(urth) Pike/Oreb

David Stockhoff dstockhoff at verizon.net
Fri Nov 4 07:27:23 PDT 2011


On 11/4/2011 8:24 AM, Lee Berman wrote:
>> David Stockhoff: Wolfe is. The clue (if it is) remains readable: Blood = Silk's
>> son. In what sense? In a purely genetic sense (if Silk = Pike), as well as the
>> other sense Silk ponders.Naturally this alone is not enough to build a case on,
>> just a pointer if one is already looking, i.e., if one is looking for confirmation
>> of an already-observed pattern.
> Is the already-observed pattern the Zeus-Dionysus, Pas-Outsider, father-son-father
> ambiguity (which may also appear in BotNS)? If not, apologies for intruding my
> theory into the discussion. But earlier on, I was wondering if it would appear.
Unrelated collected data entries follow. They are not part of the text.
(* For every $\theta\in\mathbb R$, the operator $\widetilde U_\theta$ maps $\widetilde{\mathcal H}$ into itself and is unitary on $\widetilde{\mathcal H}$: $\widetilde U_\theta\widetilde U_\theta^*=\widetilde U_\theta^*\widetilde U_\theta=\mathbb 1$.
   Context: Let $\Bbbk\geq3$ and $\mathcal H=(\mathbb C^2)^{\otimes\Bbbk}$ with orthonormal basis $|\mathrm x\rangle=|\mathrm x_1\rangle\otimes\cdots\otimes|\mathrm x_\Bbbk\rangle$, $\mathrm x_i\in\{0,1\}$. For $j\in\{0,1\}$, $P_{[\![j]\!]}$ is the orthogonal projection onto the span of the $|\mathrm x\rangle$ with $\mathrm x_1=j$. Let $\mathbf U$ be a $2\times2$ unitary matrix all of whose entries have modulus $2^{-1/2}$, and define the unitary $\bar U$ on $\mathcal H$ by $\bar U|\mathrm x\rangle=|\mathrm x_2\rangle\otimes\cdots\otimes|\mathrm x_\Bbbk\rangle\otimes\mathbf U|\mathrm x_1\rangle$. Let $\sigma$ be the unitary exchanging the last two tensor factors: $\sigma(|\mathrm x_1\rangle\otimes\cdots\otimes|\mathrm x_{\Bbbk-1}\rangle\otimes|\mathrm x_\Bbbk\rangle)=|\mathrm x_1\rangle\otimes\cdots\otimes|\mathrm x_\Bbbk\rangle\otimes|\mathrm x_{\Bbbk-1}\rangle$. Put $P'_{[\![j]\!]}=\bar UP_{[\![j]\!]}\bar U^*$. The tower Hilbert space is $\widetilde{\mathcal H}=\mathcal H\oplus P'_{[\![1]\!]}\mathcal H$ with scalar product $\langle(\phi_0,\phi_1),(\phi_0',\phi_1')\rangle=\langle\phi_0,\phi_0'\rangle+\langle\phi_1,\phi_1'\rangle$, and for $\theta\in\mathbb R$, $\widetilde U_\theta(\phi_0,\phi_1)=\big(\sigma\bar U P'_{[\![1]\!]}\phi_1+\bar UP_{[\![0]\!]}\phi_0,\ e^{i\theta}\bar UP_{[\![1]\!]}\phi_0\big)$. *)

theory Defs
  imports Complex_Main
begin

text \<open>Basis labels of (C^2)^{\<otimes>k}: bit strings of length k (True = 1, False = 0).
  Operators are given by their matrix kernels K y x = <y|K|x>.\<close>

definition bits :: "nat \<Rightarrow> bool list set" where
  "bits k = {xs. length xs = k}"

definition Hsp :: "nat \<Rightarrow> (bool list \<Rightarrow> complex) set" where
  "Hsp k = {f. \<forall>x. length x \<noteq> k \<longrightarrow> f x = 0}"

definition inner_H :: "nat \<Rightarrow> (bool list \<Rightarrow> complex) \<Rightarrow> (bool list \<Rightarrow> complex) \<Rightarrow> complex" where
  "inner_H k f g = (\<Sum>x\<in>bits k. cnj (f x) * g x)"

type_synonym kernel = "bool list \<Rightarrow> bool list \<Rightarrow> complex"

definition app :: "nat \<Rightarrow> kernel \<Rightarrow> (bool list \<Rightarrow> complex) \<Rightarrow> (bool list \<Rightarrow> complex)" where
  "app k K f = (\<lambda>y. if length y = k then (\<Sum>x\<in>bits k. K y x * f x) else 0)"

definition kcomp :: "nat \<Rightarrow> kernel \<Rightarrow> kernel \<Rightarrow> kernel" where
  "kcomp k K L = (\<lambda>y x. \<Sum>z\<in>bits k. K y z * L z x)"

definition kadj :: "kernel \<Rightarrow> kernel" where
  "kadj K = (\<lambda>y x. cnj (K x y))"

definition Pj :: "bool \<Rightarrow> kernel" where
  "Pj j = (\<lambda>y x. if y = x \<and> hd x = j then 1 else 0)"

text \<open>Ubar |x1 x2 ... xk> = |x2 ... xk> \<otimes> U|x1> = sum_b U(b,x1) |x2 ... xk b>.\<close>
definition Ubar :: "(bool \<Rightarrow> bool \<Rightarrow> complex) \<Rightarrow> kernel" where
  "Ubar u = (\<lambda>y x. if butlast y = tl x then u (last y) (hd x) else 0)"

definition swap_last2 :: "bool list \<Rightarrow> bool list" where
  "swap_last2 xs = butlast (butlast xs) @ [last xs, last (butlast xs)]"

definition sigma :: kernel where
  "sigma = (\<lambda>y x. if y = swap_last2 x then 1 else 0)"

definition Pj' :: "nat \<Rightarrow> (bool \<Rightarrow> bool \<Rightarrow> complex) \<Rightarrow> bool \<Rightarrow> kernel" where
  "Pj' k u j = kcomp k (Ubar u) (kcomp k (Pj j) (kadj (Ubar u)))"

definition Htower :: "nat \<Rightarrow> (bool \<Rightarrow> bool \<Rightarrow> complex) \<Rightarrow>
    ((bool list \<Rightarrow> complex) \<times> (bool list \<Rightarrow> complex)) set" where
  "Htower k u = {(\<phi>0, \<phi>1). \<phi>0 \<in> Hsp k \<and> (\<exists>\<psi>\<in>Hsp k. \<phi>1 = app k (Pj' k u True) \<psi>)}"

definition inner_T :: "nat \<Rightarrow> (bool list \<Rightarrow> complex) \<times> (bool list \<Rightarrow> complex) \<Rightarrow>
    (bool list \<Rightarrow> complex) \<times> (bool list \<Rightarrow> complex) \<Rightarrow> complex" where
  "inner_T k p q = inner_H k (fst p) (fst q) + inner_H k (snd p) (snd q)"

definition Utower :: "nat \<Rightarrow> (bool \<Rightarrow> bool \<Rightarrow> complex) \<Rightarrow> real \<Rightarrow>
    (bool list \<Rightarrow> complex) \<times> (bool list \<Rightarrow> complex) \<Rightarrow>
    (bool list \<Rightarrow> complex) \<times> (bool list \<Rightarrow> complex)" where
  "Utower k u \<theta> p =
     ((\<lambda>y. app k sigma (app k (Ubar u) (app k (Pj' k u True) (snd p))) y
           + app k (Ubar u) (app k (Pj False) (fst p)) y),
      (\<lambda>y. exp (\<i> * of_real \<theta>) * app k (Ubar u) (app k (Pj True) (fst p)) y))"

end

theory Submission imports Defs begin

text \<open>Write \<open>U = Ubar u\<close>, \<open>Q = P'\<^sub>1 = U P\<^sub>1 U\<^sup>*\<close> and \<open>c = e\<^sup>i\<^sup>\<theta>\<close>, so that
  \<open>U\<^sub>\<theta>(\<phi>\<^sub>0, \<phi>\<^sub>1) = (\<sigma> U Q \<phi>\<^sub>1 + U P\<^sub>0 \<phi>\<^sub>0, c U P\<^sub>1 \<phi>\<^sub>0)\<close>. Its adjoint and inverse on the tower
  space is \<open>V(a, b) = (P\<^sub>0 U\<^sup>* a + c\<^sup>* U\<^sup>* b, U\<^sup>* \<sigma> Q a)\<close>. Checking this only uses that \<open>U\<close> is
  unitary, \<open>\<sigma>\<close> is a self-adjoint involution and \<open>P\<^sub>0 + P\<^sub>1 = 1\<close>, together with one geometric fact:
  \<open>\<sigma> U Q\<close> and \<open>U\<^sup>* \<sigma> Q\<close> take values in the range of \<open>Q\<close>. This holds because \<open>\<sigma>\<close> merely moves
  the tensor factor \<open>U|x\<^sub>1\<rangle>\<close> created by \<open>U\<close> within the tail, where the next \<open>U\<^sup>*\<close> (applied once or
  twice) finds it again and turns it back into \<open>|x\<^sub>1\<rangle> = |1\<rangle>\<close> in the first position.\<close>

lemma finite_bits [simp]: "finite (bits n)"
proof -
  have "bits n \<subseteq> {xs. set xs \<subseteq> UNIV \<and> length xs = n}" by (auto simp: bits_def)
  moreover have "finite {xs. set xs \<subseteq> (UNIV::bool set) \<and> length xs = n}"
    by (rule finite_lists_length_eq) simp
  ultimately show ?thesis by (rule finite_subset)
qed

lemma sum_bits_Suc_Cons: "(\<Sum>x\<in>bits (Suc n). F x) = (\<Sum>a\<in>UNIV. \<Sum>w\<in>bits n. F (a # w))"
proof -
  have "bits (Suc n) = (\<lambda>(a, w). a # w) ` (UNIV \<times> bits n)"
    by (auto simp: bits_def image_iff length_Suc_conv)
  then have "(\<Sum>x\<in>bits (Suc n). F x) = (\<Sum>(a, w)\<in>UNIV \<times> bits n. F (a # w))"
    by (simp add: sum.reindex inj_on_def case_prod_beta')
  then show ?thesis by (simp add: sum.cartesian_product)
qed

lemma sum_bits_Suc_snoc: "(\<Sum>x\<in>bits (Suc n). F x) = (\<Sum>w\<in>bits n. \<Sum>b\<in>UNIV. F (w @ [b]))"
proof -
  have "length x = Suc n \<Longrightarrow> \<exists>w b. x = w @ [b] \<and> length w = n" for x :: "bool list"
    by (metis append_butlast_last_id length_butlast diff_Suc_1 list.size(3) nat.distinct(1))
  then have "bits (Suc n) = (\<lambda>(w, b). w @ [b]) ` (bits n \<times> UNIV)"
    by (force simp: bits_def image_iff)
  then have "(\<Sum>x\<in>bits (Suc n). F x) = (\<Sum>(w, b)\<in>bits n \<times> UNIV. F (w @ [b]))"
    by (simp add: sum.reindex inj_on_def case_prod_beta')
  then show ?thesis by (simp add: sum.cartesian_product)
qed

lemma cnj_exp_i_mult_exp_i: "cnj (exp (\<i> * of_real t)) * exp (\<i> * of_real t) = 1"
  unfolding cis_conv_exp[symmetric] by (simp add: cis_cnj cis_mult)

lemma sum_UNIV_bool: "(\<Sum>b\<in>(UNIV::bool set). g b) = g False + g True"
  by (simp add: UNIV_bool)

subsection \<open>Kernel operators on \<open>(\<complex>\<^sup>2)\<^sup>\<otimes>\<^sup>k\<close>\<close>

lemma app_in_Hsp [simp]: "app k K f \<in> Hsp k"
  by (simp add: app_def Hsp_def)

lemma app_outside [simp]: "length x \<noteq> k \<Longrightarrow> app k K f x = 0"
  by (simp add: app_def)

lemma Hsp_eqI:
  assumes "f \<in> Hsp k" "g \<in> Hsp k" "\<And>y. length y = k \<Longrightarrow> f y = g y"
  shows "f = g"
proof
  fix x
  show "f x = g x" using assms by (cases "length x = k") (auto simp: Hsp_def)
qed

lemma Hsp_add [simp]: "f \<in> Hsp k \<Longrightarrow> g \<in> Hsp k \<Longrightarrow> (\<lambda>y. f y + g y) \<in> Hsp k"
  by (simp add: Hsp_def)

lemma Hsp_scale [simp]: "f \<in> Hsp k \<Longrightarrow> (\<lambda>y. c * f y) \<in> Hsp k"
  by (simp add: Hsp_def)

lemma app_add: "app k K (\<lambda>y. f y + g y) = (\<lambda>y. app k K f y + app k K g y)"
  by (auto simp: app_def sum.distrib algebra_simps)

lemma app_scale: "app k K (\<lambda>y. c * f y) = (\<lambda>y. c * app k K f y)"
  by (auto simp: app_def sum_distrib_left algebra_simps)

lemma app_zero: "app k K (\<lambda>y. 0) = (\<lambda>y. 0)"
  by (auto simp: app_def)

lemma app_kcomp: "app k (kcomp k K L) f = app k K (app k L f)"
proof
  fix y
  show "app k (kcomp k K L) f y = app k K (app k L f) y"
  proof (cases "length y = k")
    case True
    have "app k (kcomp k K L) f y = (\<Sum>x\<in>bits k. \<Sum>z\<in>bits k. K y z * L z x * f x)"
      using True by (simp add: app_def kcomp_def sum_distrib_right)
    also have "\<dots> = (\<Sum>z\<in>bits k. K y z * (\<Sum>x\<in>bits k. L z x * f x))"
      by (subst sum.swap) (simp add: sum_distrib_left mult.assoc)
    also have "\<dots> = app k K (app k L f) y"
      using True by (simp add: app_def bits_def)
    finally show ?thesis .
  qed simp
qed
No, the Silk-Pike clone brother theory.
>
>> I think however that the tree will always remain as obscure as the
>> family tree of any god/gods.
>
> Including Severian's?

Absolutely.
>
>
>> Gods seem to have multiple fathers/mothers/offspring and these change depending on the
>> story or the teller. And after all, once you discover everything there is to know about
>> a god, he/she's not really a god anymore. Just another species/monster/genetic freak!
>
> I REALLY think this gets to the heart of a point Wolfe is trying to make. We learn about
> invertebrate biology in high school and college so when a sexual/asexual budding creature
> like Tzadkiel compares him/herself to a sponge, we sorta get the science of it.
>
> When ancient Greeks or someone like Severian or Horn is presented with such a being their
> interpretation and description will reflect their own education and life's experience. So
> we get stories of angels, gods, monster, etc. The story-tellers are not less intelligent
> than we, just operating from a different frame of reference.
>
> We, ourselves, are not sufficiently advanced to succintly grasp the reproductive structure
> and family tree of electronic beings who can also possess human bodies/brains. We are left
> struggling to find the proper way to express our limited understanding of such things but
> we do our best, much as the Greek mythologists did in their stories. I think this was
> Wolfe's intention.

Yes, exactly. And so we interpret our science-based world much as the 
Greeks did---as human beings will and must.